Physics:Huber's equation
Huber's equation, first derived by a Polish engineer Tytus Maksymilian Huber, is a basic formula in elastic material tension calculations, an equivalent of the equation of state, but applying to solids. In most simple expression and commonly in use it looks like this:[1] [math]\displaystyle{ \sigma_{red}=\sqrt{({\sigma}^2) + 3({\tau}^2)} }[/math]
where [math]\displaystyle{ \sigma }[/math] is the tensile stress, and [math]\displaystyle{ \tau }[/math] is the shear stress, measured in newtons per square meter (N/m2, also called pascals, Pa), while [math]\displaystyle{ \sigma_{red} }[/math]—called a reduced tension—is the resultant tension of the material.

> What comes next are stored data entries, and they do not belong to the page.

(* Let $n\ge1$, $m \ge 1$ be integers and $\lambda > 1$, $\sigma > 1$ real numbers, and let $a_\alpha$, $a$, $b$ be as in the context. There is a constant $C > 0$ depending only on $n, m, \lambda, \sigma$ such that for every solution $u$ of the inequality $\sum_{|\alpha| = m} (-1)^m \partial^\alpha a_\alpha(x, u) \ge b(x) |u|^\lambda$ in $\mathbb{R}^n$ the following holds: if $0 < r_1 < r_2$ are real numbers with $r_2 \le \sqrt{\sigma}\, r_1$, $2J(r_1) \le J(r_2)$ and $J(r_1) > 0$, then $$J^{(1/\lambda - 1)/m}(r_1) - J^{(1/\lambda - 1)/m}(r_2) \ge C \int_{r_1}^{r_2} r^{(1/\lambda - 1) n/m} h^{1/(\lambda m)}(r)\, dr,$$ where $J$ and $h$ are defined in the context.
   Context: For each multi-index $\alpha$ with $|\alpha| = m$, $a_\alpha : \mathbb{R}^n \times \mathbb{R} \to \mathbb{R}$ is a given function and $\partial^\alpha = \partial^{|\alpha|}/\partial x_1^{\alpha_1}\cdots\partial x_n^{\alpha_n}$. The function $b : \mathbb{R}^n \to (0,\infty)$ is positive measurable, and $a : \mathbb{R}^n \to (0,\infty)$ is positive measurable with $|a_\alpha(x,\zeta)| \le a(x)|\zeta|$ for almost all $x$, all $\zeta \in \mathbb{R}$, all $|\alpha|=m$. $B_r$ is the open ball of radius $r$ centered at $0$ in $\mathbb{R}^n$. A solution is a function $u$ with $b|u|^\lambda \in L_{1,loc}(\mathbb{R}^n)$, $a_\alpha(x,u) \in L_{1,loc}(\mathbb{R}^n)$ for all $|\alpha|=m$, and $\int_{\mathbb{R}^n} \sum_{|\alpha|=m} a_\alpha(x,u)\partial^\alpha\varphi\,dx \ge \int_{\mathbb{R}^n} b|u|^\lambda \varphi\,dx$ for all non-negative $\varphi \in C_0^\infty(\mathbb{R}^n)$. For $r>0$: $J(r) = \int_{B_r} b(x)|u|^\lambda\,dx$ and $$h(r) = \left( \frac{1}{r^n} \int_{B_{\sqrt{\sigma} r} \setminus B_{r/\sqrt{\sigma}}} a^{\lambda/(\lambda-1)}(x) b^{-1/(\lambda-1)}(x)\,dx \right)^{1-\lambda},$$ with $h(r) = 0$ if the integral equals $\infty$. *)

theory Defs
  imports "HOL-Analysis.Analysis"
begin

text \<open>Points of R^n are vectors of type real^'n, n = CARD('n).
  Multi-indices are functions 'n => nat; |alpha| = sum alpha UNIV.\<close>

definition mindices :: "nat \<Rightarrow> ('n::finite \<Rightarrow> nat) set" where
  "mindices m = {\<alpha>. sum \<alpha> UNIV = m}"

definition dpartial :: "'n::finite \<Rightarrow> (real^'n \<Rightarrow> real) \<Rightarrow> real^'n \<Rightarrow> real" where
  "dpartial i f x = deriv (\<lambda>t. f (x + t *\<^sub>R axis i 1)) 0"

definition iter_partial :: "'n::finite list \<Rightarrow> (real^'n \<Rightarrow> real) \<Rightarrow> real^'n \<Rightarrow> real" where
  "iter_partial ds f = foldr dpartial ds f"

definition test_fun :: "(real^'n::finite \<Rightarrow> real) \<Rightarrow> bool" where
  "test_fun \<phi> \<longleftrightarrow>
     (\<forall>ds. continuous_on UNIV (iter_partial ds \<phi>) \<and>
        (\<forall>x i. (\<lambda>t. iter_partial ds \<phi> (x + t *\<^sub>R axis i 1)) differentiable (at 0)))
     \<and> bounded {x. \<phi> x \<noteq> 0}"

text \<open>partial^alpha: differentiate alpha i times in direction i (order is
  irrelevant for smooth functions).\<close>
definition mpartial :: "('n::finite \<Rightarrow> nat) \<Rightarrow> (real^'n \<Rightarrow> real) \<Rightarrow> real^'n \<Rightarrow> real" where
  "mpartial \<alpha> f = iter_partial (SOME ds. \<forall>i. count (mset ds) i = \<alpha> i) f"

definition loc_integrable :: "(real^'n::finite \<Rightarrow> real) \<Rightarrow> bool" where
  "loc_integrable f \<longleftrightarrow> (\<forall>K. compact K \<longrightarrow> set_integrable lebesgue K f)"

definition is_solution ::
  "nat \<Rightarrow> real \<Rightarrow> (('n::finite \<Rightarrow> nat) \<Rightarrow> real^'n \<Rightarrow> real \<Rightarrow> real) \<Rightarrow> (real^'n \<Rightarrow> real)
     \<Rightarrow> (real^'n \<Rightarrow> real) \<Rightarrow> bool" where
  "is_solution m lam aa b u \<longleftrightarrow>
     loc_integrable (\<lambda>x. b x * \<bar>u x\<bar> powr lam) \<and>
     (\<forall>\<alpha>\<in>mindices m. loc_integrable (\<lambda>x. aa \<alpha> x (u x))) \<and>
     (\<forall>\<phi>. test_fun \<phi> \<and> (\<forall>x. \<phi> x \<ge> 0) \<longrightarrow>
        (\<integral>x. (\<Sum>\<alpha>\<in>mindices m. aa \<alpha> x (u x) * mpartial \<alpha> \<phi> x) \<partial>lebesgue)
          \<ge> (\<integral>x. b x * \<bar>u x\<bar> powr lam * \<phi> x \<partial>lebesgue))"

definition Jfun :: "real \<Rightarrow> (real^'n::finite \<Rightarrow> real) \<Rightarrow> (real^'n \<Rightarrow> real) \<Rightarrow> real \<Rightarrow> real" where
  "Jfun lam b u r = (LINT x : ball 0 r | lebesgue. b x * \<bar>u x\<bar> powr lam)"

definition hfun :: "real \<Rightarrow> real \<Rightarrow> (real^'n::finite \<Rightarrow> real) \<Rightarrow> (real^'n \<Rightarrow> real) \<Rightarrow> real \<Rightarrow> real" where
  "hfun lam \<sigma> a b r =
     (let I = (\<integral>\<^sup>+ x \<in> ball 0 (sqrt \<sigma> * r) - ball 0 (r / sqrt \<sigma>).
                 ennreal (a x powr (lam / (lam - 1)) * b x powr (- 1 / (lam - 1))) \<partial>lebesgue)
      in if I = \<infinity> then 0 else (enn2real I / r ^ CARD('n)) powr (1 - lam))"

end

(*
  Let A = B(rho') - B(rho) with 0 < rho < rho'. Testing the inequality with a smooth radial
  cutoff that is 1 on B(rho), vanishes outside B(rho') and has m-th derivatives of size
  (rho' - rho)^(-m) on A, and applying Hoelder's inequality on A with exponents lam and
  lam/(lam - 1), gives
    J(rho) (rho' - rho)^m <= K (J(rho') - J(rho))^(1/lam) W(A)^((lam-1)/lam),
  where W is the integral of a^(lam/(lam-1)) b^(-1/(lam-1)).  If r1 <= rho < rho' <= sqrt sigma r1,
  then A lies in every annulus used to define h(r) for r in [rho, rho'], so there the integrand
  r^(...) h(r)^(...) is at most W(A)^((1/lam - 1)/m).  When J at most quadruples from rho to rho',
  the estimate turns this into the claimed inequality on [rho, rho'].  In general [r1, r2] is cut,
  by the intermediate value theorem for the continuous function J, at points where J doubles,
  and the resulting inequalities telescope.
*)

theory Submission
  imports Defs "HOL-Computational_Algebra.Polynomial"
begin

section \<open>A smooth step function on the real line\<close>

lemma tendsto_power_mult_poly_div_exp_at_top:
  "((\<lambda>s::real. s ^ k * poly p s / exp s) \<longlongrightarrow> 0) at_top"
proof (induction p arbitrary: k)
  case 0
  then show ?case by simp
next
  case (pCons a p)
  have "(\<lambda>s::real. s ^ k * poly (pCons a p) s / exp s) =
      (\<lambda>s. a * (s ^ k / exp s) + s ^ Suc k * poly p s / exp s)"
    by (auto simp: field_simps)
  then show ?case
    using tendsto_add[OF tendsto_mult[OF tendsto_const tendsto_power_div_exp_0] pCons.IH[of "Suc k"]]
    by simp
qed

definition derivative_tower :: "(nat \<Rightarrow> real \<Rightarrow> real) \<Rightarrow> bool" where
  "derivative_tower D \<longleftrightarrow> (\<forall>j t. (D j has_real_derivative D (Suc j) t) (at t))"

lemma derivative_tower_reflect:
  assumes "derivative_tower D"
  shows "derivative_tower (\<lambda>j t. (-1) ^ j * D j (1 - t))"
  unfolding derivative_tower_def
proof (intro allI)
  fix j t
  have "((\<lambda>t. D j (1 - t)) has_real_derivative D (Suc j) (1 - t) * (-1)) (at t)"
    by (rule DERIV_chain2[where f = "D j"])
       (use assms in \<open>auto simp: derivative_tower_def intro!: derivative_eq_intros\<close>)
  then show "((\<lambda>t. (-1) ^ j * D j (1 - t)) has_real_derivative (-1) ^ Suc j * D (Suc j) (1 - t)) (at t)"
    by (auto intro!: derivative_eq_intros)
qed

Finds application in calculating the span width of the bridges, their beam cross-sections, etc.[citation needed]
See also
- Yield surface
- Stress–energy tensor
- Tensile stress
- von Mises yield criterion
References
- ↑ Huber, M. T. (1904). "Właściwa praca odkształcenia jako miara wytezenia materiału". Czasopismo Techniczne (Lwów) 22. Translated as "Specific Work of Strain as a Measure of Material Effort". Archives of Mechanics 56: 173–190. 2004. http://am.ippt.pan.pl/am/article/viewFile/v56p173/pdf.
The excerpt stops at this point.